Dalam Fiqh empat mazhab dinyatakan:
Menurut Mazhab Maliki: wanita hamil dan ibu menyusui, jika melaksanakan puasa dikhawatirkan akan sakit atau bertambah sakit, apakah yang dikhawatirkan itu dirinya, atau anaknya, atau dirinya saja, atau anaknya saja. Mereka boleh berbuka dan wajib melaksanakan qadha’, tidak wajib membayar fidyah bagi wanita hamil, berbeda dengan ibu menyusui, ia wajib membayar fidyah. Jika puasa tersebut dikhawatirkan menyebabkan kematian atau mudharat yang sangat parah bagi dirinya atau anaknya, maka wanita hamil dan ibu menyusui wajib tidak berpuasa.
Menurut Mazhab Hanafi: jika wanita hamil dan ibu menyusui mengkhawatirkan mudharat, maka boleh berbuka, apakah kekhawatiran tersebut terhadap diri dan anak, atau diri saja, atau anak saja. Wajib melaksanakan qadha’ ketika mampu, tanpa wajib membayar fidyah.
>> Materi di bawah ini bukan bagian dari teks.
(* Let $k\ge 2$ be a constant integer. There is a constant $C>0$ such that for all integers $1\le j\le n$ and all positive integers $q$ the following holds: letting $x$ be the vertex born in round $j$ of the random $k$-tree process, conditional on any realization of $G(j)$, the probability that $x$ has degree greater than $k+q(n/j)^{(k-1)/k}$ in $G(n)$ is at most $C\,q\sqrt{q}\,e^{-q}$.
   Context: Random $k$-tree process: $G(0)$ is a clique on $k$ vertices; for $t\ge1$, $G(t)$ is obtained from $G(t-1)$ by choosing a $k$-clique of $G(t-1)$ uniformly at random, creating a new vertex (said to be born in round $t$), and joining it to all vertices of the chosen clique. *)

theory Defs
  imports "HOL-Probability.Probability"
begin

text \<open>The initial clique G(0) has vertices 0..k-1; the vertex born in round t (t \<ge> 1)
  is the vertex k + t - 1, so G(t) has vertex set {..<k+t}.\<close>

definition ktree_init :: "nat \<Rightarrow> nat set set" where
  "ktree_init k = {{u, v} | u v. u < k \<and> v < k \<and> u \<noteq> v}"

definition kcliques :: "nat \<Rightarrow> nat set \<Rightarrow> nat set set \<Rightarrow> nat set set" where
  "kcliques k V E = {S. S \<subseteq> V \<and> card S = k \<and> (\<forall>u\<in>S. \<forall>v\<in>S. u \<noteq> v \<longrightarrow> {u, v} \<in> E)}"

definition ktree_step :: "nat \<Rightarrow> nat \<Rightarrow> nat set set \<Rightarrow> nat set set pmf" where
  "ktree_step k t E =
     map_pmf (\<lambda>S. E \<union> {{v, k + t} | v. v \<in> S}) (pmf_of_set (kcliques k {..<k + t} E))"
Menurut Mazhab Hanbali: wanita hamil dan ibu menyusui boleh berbuka, jika mengkhawatirkan mudharat terhadap diri dan anak, atau diri saja. Dalam kondisi seperti ini mereka wajib melaksanakan qadha’ tanpa membayar fidyah. Jika yang dikhawatirkan itu anaknya saja, maka wajib melaksanakan puasa qadha’ dan membayar fidyah.
Menurut Mazhab Syafi’i: wanita hamil dan ibu menyusui, jika mengkhawatirkan mudharat, apakah kekhawatiran tersebut terhadap diri dan anak, atau diri saja, atau anak saja, mereka wajib berbuka dan mereka wajib melaksanakan qadha’ pada tiga kondisi diatas. Jika yang dikhawatirkan anaknya saja, maka wajib melaksanakan qadha’ dan membayar fidyah.
Pendapat Mazhab Syafi’i sama seperti Mazhab Hanbali dalam hal qadha’ dan fidyah, hanya saja Mazhab Hanbali membolehkan berbuka jika mengkhawatirkan mudharat, sedangkan Mazhab Syafi’i mewajibkan berbuka. Dalam salah satu pendapatnya Imam Syafi’i mewajibkan fidyah bagi wanita menyusui, tidak wajib bagi ibu hamil, seperti pendapat Mazhab Maliki.
Penutup: hadits yang diriwayatkan lima imam dari Anas bin Malik al-Ka’bi. Al-Mundziri berkata, “Ada lima perawi hadits yang bernama Anas bin Malik: dua orang shahabat ini, Abu Hamzah Anas bin Malik al-Anshari pembantu Rasulullah Saw, Anas bin Malik ayah Imam Malik bin Anas, ia meriwayatkan satu hadits, dalam sanadnya perlu diteliti. Keempat, seorang Syekh dari Himsh. Kelima, seorang dari Kufah, meriwayatkan hadits dari Hamad bin Abu Sulaiman, al-A’masy dan lainnya. Imam asy-Syaukani berkata, “Selayaknya Anas bin Malik al-Qusyairi yang disebutkan Ibnu Abi Hatim adalah Anas bin Malik yang keenam, jika ia bukan al-Ka’bi”.